The Hanoitimes - The tax department said the overall revenue witnessed significant improvement compared to last year, mainly thanks to a hike in global crude oil prices at US$74 per barrel.
Vietnam’s tax revenue in 2018 reached VND1,146 trillion (US$49.43 billion), up 7.2% of the year’s estimate and 12.3% year-on-year, according to the General Department of Taxation.
Upon breaking down, tax revenue from crude oil stood at VND66.04 trillion (US$2.84 billion), equivalent to 183.9% of the year's estimate, and up 33.2% year-on-year; collection of all kinds of tax reached VND1,080 trillion (US$46.57 billion) or 104.5% of the estimate and up 11.2%.

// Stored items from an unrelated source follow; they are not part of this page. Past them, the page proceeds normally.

text \<open>Write \<open>\<Gamma>(k) (1 + e^u)^-k\<close> as a Gamma integral and exchange the order of integration.\<close>
lemma Beta_log_integral:
  fixes z :: complex and k :: real
  assumes z: "Re z > 0" and zk: "Re z < k"
  shows "integrable lborel (\<lambda>u. exp (z * of_real u) * of_real ((1 + exp u) powr (- k)))"
    and "(LINT u|lborel. exp (z * of_real u) * of_real ((1 + exp u) powr (- k))) = Beta z (of_real k - z)"
proof -
  have k: "k > 0" using z zk by simp
  have Gk: "Gamma k \<noteq> 0"
    using k by (simp add: Gamma_real_pos less_imp_neq[symmetric])
  define F where "F q u = exp (z * of_real u) * of_real (exp (k * q - (1 + exp u) * exp q))" for q u
  have Fint: "integrable (lborel \<Otimes>\<^sub>M lborel) (case_prod F)"
    unfolding F_def using integrable_Beta_log_kernel[OF z zk] by simp
  have inner_q: "(LINT q|lborel. F q u) = of_real (Gamma k) * (exp (z * of_real u) * of_real ((1 + exp u) powr (- k)))" for u
  proof -
    have "(LINT q|lborel. exp (k * q - (1 + exp u) * exp q)) = Gamma k * (1 + exp u) powr (- k)"
      using Gamma_log_integral_scaled_real(2)[OF k, of "1 + exp u"] by (simp add: powr_def)
    then show ?thesis by (simp add: F_def)
  qed
  have inner_u: "(LINT u|lborel. F q u) = Gamma z * exp ((of_real k - z) * of_real q - of_real (exp q))" for q
  proof -
    have "F q u = of_real (exp (k * q - exp q)) * exp (z * of_real u - of_real (exp q * exp u))" for u
      by (simp add: F_def exp_add[symmetric] exp_diff[symmetric] exp_of_real[symmetric] algebra_simps
          del: exp_of_real)
    then have "(LINT u|lborel. F q u) = of_real (exp (k * q - exp q)) * (Gamma z * exp (- z * of_real (ln (exp q))))"
      using Gamma_log_integral_scaled(2)[OF z, of "exp q"] by simp
    then show ?thesis
      by (simp add: exp_add[symmetric] exp_diff[symmetric] exp_of_real[symmetric] algebra_simps
          del: exp_of_real)
  qed
  have "integrable lborel (\<lambda>u. inverse (of_real (Gamma k)) * (LINT q|lborel. F q u))"
    by (intro Bochner_Integration.integrable_mult_right lborel_pair.integrable_snd[OF Fint])
  then show "integrable lborel (\<lambda>u. exp (z * of_real u) * of_real ((1 + exp u) powr (- k)))"
    using Gk by (simp add: inner_q field_simps)
  have "of_real (Gamma k) * (LINT u|lborel. exp (z * of_real u) * of_real ((1 + exp u) powr (- k)))
        = (LINT u|lborel. LINT q|lborel. F q u)"
    by (simp add: inner_q)
  also have "\<dots> = (LINT q|lborel. LINT u|lborel. F q u)"
    by (rule lborel_pair.Fubini_integral[OF Fint])
  also have "\<dots> = Gamma z * Gamma (of_real k - z)"
    unfolding inner_u using Gamma_log_integral(2)[of "of_real k - z"] zk by simp
  finally show "(LINT u|lborel. exp (z * of_real u) * of_real ((1 + exp u) powr (- k))) = Beta z (of_real k - z)"
    using Gk by (simp add: Beta_def Gamma_complex_of_real field_simps)
qed

lemma integrable_Beta_log_real:
  fixes x k :: real
  assumes "0 < x" "x < k"
  shows "integrable lborel (\<lambda>u. exp (x * u) * (1 + exp u) powr (- k))"
proof -
  have "Re (complex_of_real x) > 0" "Re (complex_of_real x) < k"
    using assms by simp_all
  from integrable_Re[OF Beta_log_integral(1)[OF this]] show ?thesis
    by (simp add: exp_of_real flip: of_real_mult)
qed

lemma integrable_std_normal_density: "integrable lborel std_normal_density"
  and integral_std_normal_density: "(LINT x|lborel. std_normal_density x) = 1"
  using std_normal_moment_even[of 0]
  by (auto dest: has_bochner_integral_integrable has_bochner_integral_integral_eq)

lemma integrable_gaussian:
  fixes s :: real
  assumes s: "s > 0"
  shows "integrable lborel (\<lambda>t. exp (- (s * t)\<^sup>2 / 2))"
proof -
  have "integrable lborel (\<lambda>t. sqrt (2 * pi) * std_normal_density (0 + s * t))"
    using lborel_integrable_real_affine[OF integrable_std_normal_density, of s 0] s
    by (intro Bochner_Integration.integrable_mult_right) auto
  then show ?thesis by (simp add: std_normal_density_def)
qed

lemma fourier_transform_gaussian:
  fixes s y :: real
  assumes s: "s > 0"
  shows "(CLINT t|lborel. iexp (t * y) * of_real (exp (- (s * t)\<^sup>2 / 2)))
         = of_real (sqrt (2 * pi) / s * exp (- (y / s)\<^sup>2 / 2))"
proof -
  have "of_real (exp (- (y / s)\<^sup>2 / 2)) = char std_normal_distribution (y / s)"
    by (simp add: char_std_normal_distribution)
  also have "\<dots> = (CLINT x|lborel. std_normal_density x *\<^sub>R iexp (y / s * x))"
    unfolding char_def by (subst integral_density) auto
  also have "\<dots> = s *\<^sub>R (CLINT t|lborel. std_normal_density (0 + s * t) *\<^sub>R iexp (y / s * (0 + s * t)))"
    using lborel_integral_real_affine[of s "\<lambda>x. std_normal_density x *\<^sub>R iexp (y / s * x)" 0] s
    by simp
  also have "\<dots> = (s / sqrt (2 * pi)) *\<^sub>R (CLINT t|lborel. iexp (t * y) * of_real (exp (- (s * t)\<^sup>2 / 2)))"
  proof -
    have "std_normal_density (0 + s * t) *\<^sub>R iexp (y / s * (0 + s * t)) =
          of_real (1 / sqrt (2 * pi)) * (iexp (t * y) * of_real (exp (- (s * t)\<^sup>2 / 2)))" for t
    proof -
      have "y / s * (0 + s * t) = t * y" using s by simp
      then show ?thesis
        by (simp only: std_normal_density_def scaleR_conv_of_real of_real_mult) (simp add: mult_ac)
    qed
    then show ?thesis
      by (simp only: integral_mult_right_zero) (simp add: scaleR_conv_of_real)
  qed
  finally show ?thesis
    using s by (simp add: scaleR_conv_of_real field_simps)
qed
(* Let $D>0$ be a square-free integer, let $p$ be an odd prime with $\left(\frac{-D}{p}\right)=1$, and let $\alpha\ge 1$ be an integer. Let $x_0,y_0$ be integers with $\gcd(x_0,y_0)=1$ and $x_0^2+Dy_0^2=p^{2\alpha}$. Suppose $c,d$ are integers with $\gcd(c,d)=1$ and $p^{2\alpha}\mid c^2+Dd^2$. Then exactly one of the following holds in $\mathbb{Z}[\sqrt{-D}]$: $x_0+y_0\sqrt{-D}\mid c+d\sqrt{-D}$, or $x_0-y_0\sqrt{-D}\mid c+d\sqrt{-D}$.
   Context: $\left(\frac{\cdot}{p}\right)$ is the Legendre symbol. *)

theory Defs
  imports "HOL-Number_Theory.Number_Theory" "HOL-Computational_Algebra.Squarefree"
begin

text \<open>Divisibility in the ring Z[sqrt(-D)]: the element x + y sqrt(-D) divides
  c + d sqrt(-D) iff there is u + v sqrt(-D) in Z[sqrt(-D)] with
  (x + y sqrt(-D)) (u + v sqrt(-D)) = c + d sqrt(-D), i.e.
  c = x u - D y v and d = x v + y u.\<close>
definition zsqrt_dvd :: "int \<Rightarrow> int \<Rightarrow> int \<Rightarrow> int \<Rightarrow> int \<Rightarrow> bool" where
  "zsqrt_dvd D x y c d \<longleftrightarrow> (\<exists>u v. c = x * u - D * y * v \<and> d = x * v + y * u)"

end

theory Submission
  imports Defs
begin

text \<open>Write N = x0^2 + D y0^2 = p^(2 alpha). Divisibility of c + d sqrt(-D) by x0 +- y0 sqrt(-D)
  amounts to N dividing d x0 -+ c y0. The product of these two integers is
  d^2 N - y0^2 (c^2 + D d^2), a multiple of N, while their sum 2 d x0 is prime to p.
  Hence the full power of p divides exactly one of them.\<close>

lemma zsqrt_dvd_iff_dvd_cross:
  fixes D x y c d :: int
  assumes nonzero: "x^2 + D*y^2 \<noteq> 0" and coprime: "coprime (x^2 + D*y^2) y"
  shows "zsqrt_dvd D x y c d \<longleftrightarrow> x^2 + D*y^2 dvd d*x - c*y"
proof
  assume "zsqrt_dvd D x y c d"
  then obtain u v where "c = x*u - D*y*v" "d = x*v + y*u"
    unfolding zsqrt_dvd_def by blast
  then have "d*x - c*y = (x*v + y*u)*x - (x*u - D*y*v)*y" by simp
  also have "\<dots> = (x^2 + D*y^2) * v" by (simp add: algebra_simps power2_eq_square)
  finally show "x^2 + D*y^2 dvd d*x - c*y" by simp
next
  define N where "N = x^2 + D*y^2"
  assume "x^2 + D*y^2 dvd d*x - c*y"
  then obtain v where v: "d*x - c*y = N*v" unfolding N_def by (auto elim: dvdE)
  \<comment> \<open>The quotient is ((c x + D d y) + (d x - c y) sqrt(-D)) / N; its first coordinate is
    integral since y (c x + D d y) = d N - x (d x - c y) and N is coprime to y.\<close>
  have "y*(c*x + D*d*y) = d*N - x*(d*x - c*y)"
    by (simp add: N_def algebra_simps power2_eq_square)
  also have "\<dots> = N*(d - x*v)" using v by (simp add: algebra_simps)
  finally have "y*(c*x + D*d*y) = N*(d - x*v)" .
  then have "N dvd c*x + D*d*y"
    using coprime by (metis N_def coprime_dvd_mult_right_iff dvd_triv_left)
  then obtain u where u: "c*x + D*d*y = N*u" by (auto elim: dvdE)
  have "N*(x*u - D*y*v) = x*(c*x + D*d*y) - D*y*(d*x - c*y)"
    using u v by (simp add: algebra_simps)
  also have "\<dots> = N*c" by (simp add: N_def algebra_simps power2_eq_square)
  finally have c_eq: "c = x*u - D*y*v" using nonzero N_def by simp
  have "N*(x*v + y*u) = x*(d*x - c*y) + y*(c*x + D*d*y)"
    using u v by (simp add: algebra_simps)
  also have "\<dots> = N*d" by (simp add: N_def algebra_simps power2_eq_square)
  finally have "d = x*v + y*u" using nonzero N_def by simp
  with c_eq show "zsqrt_dvd D x y c d" unfolding zsqrt_dvd_def by blast
qed

lemma Legendre_eq_1_imp_not_dvd:
  assumes "Legendre a p = 1"
  shows "\<not> p dvd a"
  using assms by (auto simp: Legendre_def cong_0_iff)

lemma prime_dvd_norm_coprime_not_dvd_snd:
  fixes p x y D :: int
  assumes "prime p" and "coprime x y" and "p dvd x^2 + D*y^2"
  shows "\<not> p dvd y"
proof
  assume "p dvd y"
  then have "p dvd D*y^2" by (simp add: power2_eq_square)
  then have "p dvd x^2" using assms(3) by (simp add: dvd_add_left_iff)
  then have "p dvd x" by (rule prime_dvd_power[OF assms(1)])
  with \<open>p dvd y\<close> show False
    using assms(1,2) by (metis coprime_common_divisor not_prime_unit)
qed

lemma prime_dvd_norm_coprime_not_dvd_fst:
  fixes p x y D :: int
  assumes "prime p" and "coprime x y" and "p dvd x^2 + D*y^2" and "\<not> p dvd D"
  shows "\<not> p dvd x"
proof
  assume "p dvd x"
  then have "p dvd x^2" by (simp add: power2_eq_square)
  then have "p dvd D*y^2" using assms(3) by (simp add: dvd_add_right_iff)
  then have "p dvd y"
    using assms(1,4) by (metis prime_dvd_mult_iff prime_dvd_power)
  with assms(1-3) show False by (metis prime_dvd_norm_coprime_not_dvd_snd)
qed

lemma odd_prime_int_not_dvd_two:
  fixes p :: int
  assumes "prime p" and "odd p"
  shows "\<not> p dvd 2"
proof
  assume "p dvd 2"
  then have "p \<le> 2" by (simp add: zdvd_imp_le)
  with prime_ge_2_int[OF assms(1)] \<open>odd p\<close> show False by simp
qed

lemma norm_dvd_cross_product:
  fixes D x y c d N :: int
  assumes "x^2 + D*y^2 = N" and "N dvd c^2 + D*d^2"
  shows "N dvd (d*x - c*y) * (d*x + c*y)"
proof -
  have "(d*x - c*y) * (d*x + c*y) = d^2 * N - y^2 * (c^2 + D*d^2)"
    using assms(1)[symmetric] by (simp add: algebra_simps power2_eq_square)
  then show ?thesis using assms(2) by simp
qed

lemma prime_power_dvd_mult_exactly_one:
  fixes p a b :: "'a :: algebraic_semidom"
  assumes p: "prime_elem p" and "n > 0" and "p^n dvd a*b" and "\<not> (p dvd a \<and> p dvd b)"
  shows "(p^n dvd a \<or> p^n dvd b) \<and> \<not> (p^n dvd a \<and> p^n dvd b)"
proof
  have "p^n dvd b*a" using assms(3) by (simp add: mult.commute)
  then show "p^n dvd a \<or> p^n dvd b"
    using assms(4) prime_power_dvd_multD[OF p assms(3) \<open>n > 0\<close>]
      prime_power_dvd_multD[OF p _ \<open>n > 0\<close>] by blast
  have "p dvd p^n" using \<open>n > 0\<close> by (simp add: dvd_power)
  then show "\<not> (p^n dvd a \<and> p^n dvd b)"
    using assms(4) dvd_trans by blast
qed

theorem lemma3p4:
  fixes D p x0 y0 c d :: int and \<alpha> :: nat
  assumes "D > 0" and "squarefree D"
    and "prime p" and "odd p" and "Legendre (- D) p = 1"
    and "\<alpha> \<ge> 1"
    and "gcd x0 y0 = 1" and "x0^2 + D * y0^2 = p^(2*\<alpha>)"
    and "gcd c d = 1" and "p^(2*\<alpha>) dvd c^2 + D * d^2"
  shows "(zsqrt_dvd D x0 y0 c d \<or> zsqrt_dvd D x0 (- y0) c d)
         \<and> \<not> (zsqrt_dvd D x0 y0 c d \<and> zsqrt_dvd D x0 (- y0) c d)"
proof -
  note p = \<open>prime p\<close>
  have "p dvd p^(2*\<alpha>)" using \<open>\<alpha> \<ge> 1\<close> by (simp add: dvd_power)
  then have p_dvd_norms: "p dvd x0^2 + D*y0^2" "p dvd c^2 + D*d^2"
    using assms(8,10) dvd_trans by auto
  have "\<not> p dvd D" using Legendre_eq_1_imp_not_dvd[OF assms(5)] by simp
  then have "\<not> p dvd x0" "\<not> p dvd y0" "\<not> p dvd d"
    using p assms(7,9) p_dvd_norms
    by (auto dest: prime_dvd_norm_coprime_not_dvd_fst prime_dvd_norm_coprime_not_dvd_snd
        simp: coprime_iff_gcd_eq_1)
  then have "\<not> p dvd (d*x0 - c*y0) + (d*x0 + c*y0)"
    using p odd_prime_int_not_dvd_two[OF p \<open>odd p\<close>] by (simp add: prime_dvd_mult_iff)
  then have not_both: "\<not> (p dvd d*x0 - c*y0 \<and> p dvd d*x0 + c*y0)"
    by (metis dvd_add)
  have "coprime (p^(2*\<alpha>)) y0"
    using p \<open>\<not> p dvd y0\<close> by (simp add: prime_imp_coprime)
  then have "zsqrt_dvd D x0 y0 c d \<longleftrightarrow> p^(2*\<alpha>) dvd d*x0 - c*y0"
    "zsqrt_dvd D x0 (- y0) c d \<longleftrightarrow> p^(2*\<alpha>) dvd d*x0 + c*y0"
    using zsqrt_dvd_iff_dvd_cross[of x0 D y0 c d] zsqrt_dvd_iff_dvd_cross[of x0 D "- y0" c d]
      assms(8) p by auto
  then show ?thesis
    using prime_power_dvd_mult_exactly_one[OF prime_imp_prime_elem[OF p] _
        norm_dvd_cross_product[OF assms(8,10)] not_both] \<open>\<alpha> \<ge> 1\<close>
    by simp
qed

end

The tax department said the overall revenue witnessed a significant improvement compared to last year, mainly thanks to a hike in global crude oil prices at US$74 per barrel (the estimated price was US$50), up US$18.4 per barrel year-on-year.
This resulted in revenue for the central budget of VND512.75 trillion (US$22.1 billion) or 101.66% of the estimate, and provincial-level budget VND634.18 trillion (US$27.33 billion), up 12.09% of the estimate.
Up to 61 out of 63 provinces met or beat the tax revenue target, and 48 out of 63 provinces with 7.3% revenue higher than the estimate.
As of the end of 2018, Vietnam’s total tax arrears reached VND75.80 trillion (US$3.26 billion), up VND2.66 trillion (US$114.67 million) year-on-year. Of the total, the amount of collectible taxes stood at VND39.29 trillion (US$1.69 billion), accounting for 51.8% of the total amount and down 5.7% year-on-year.
The amount of not collectible taxes reached VND36.51 trillion (US$1.57 billion), equivalent to 48.2% of the total and up 16% year-on-year.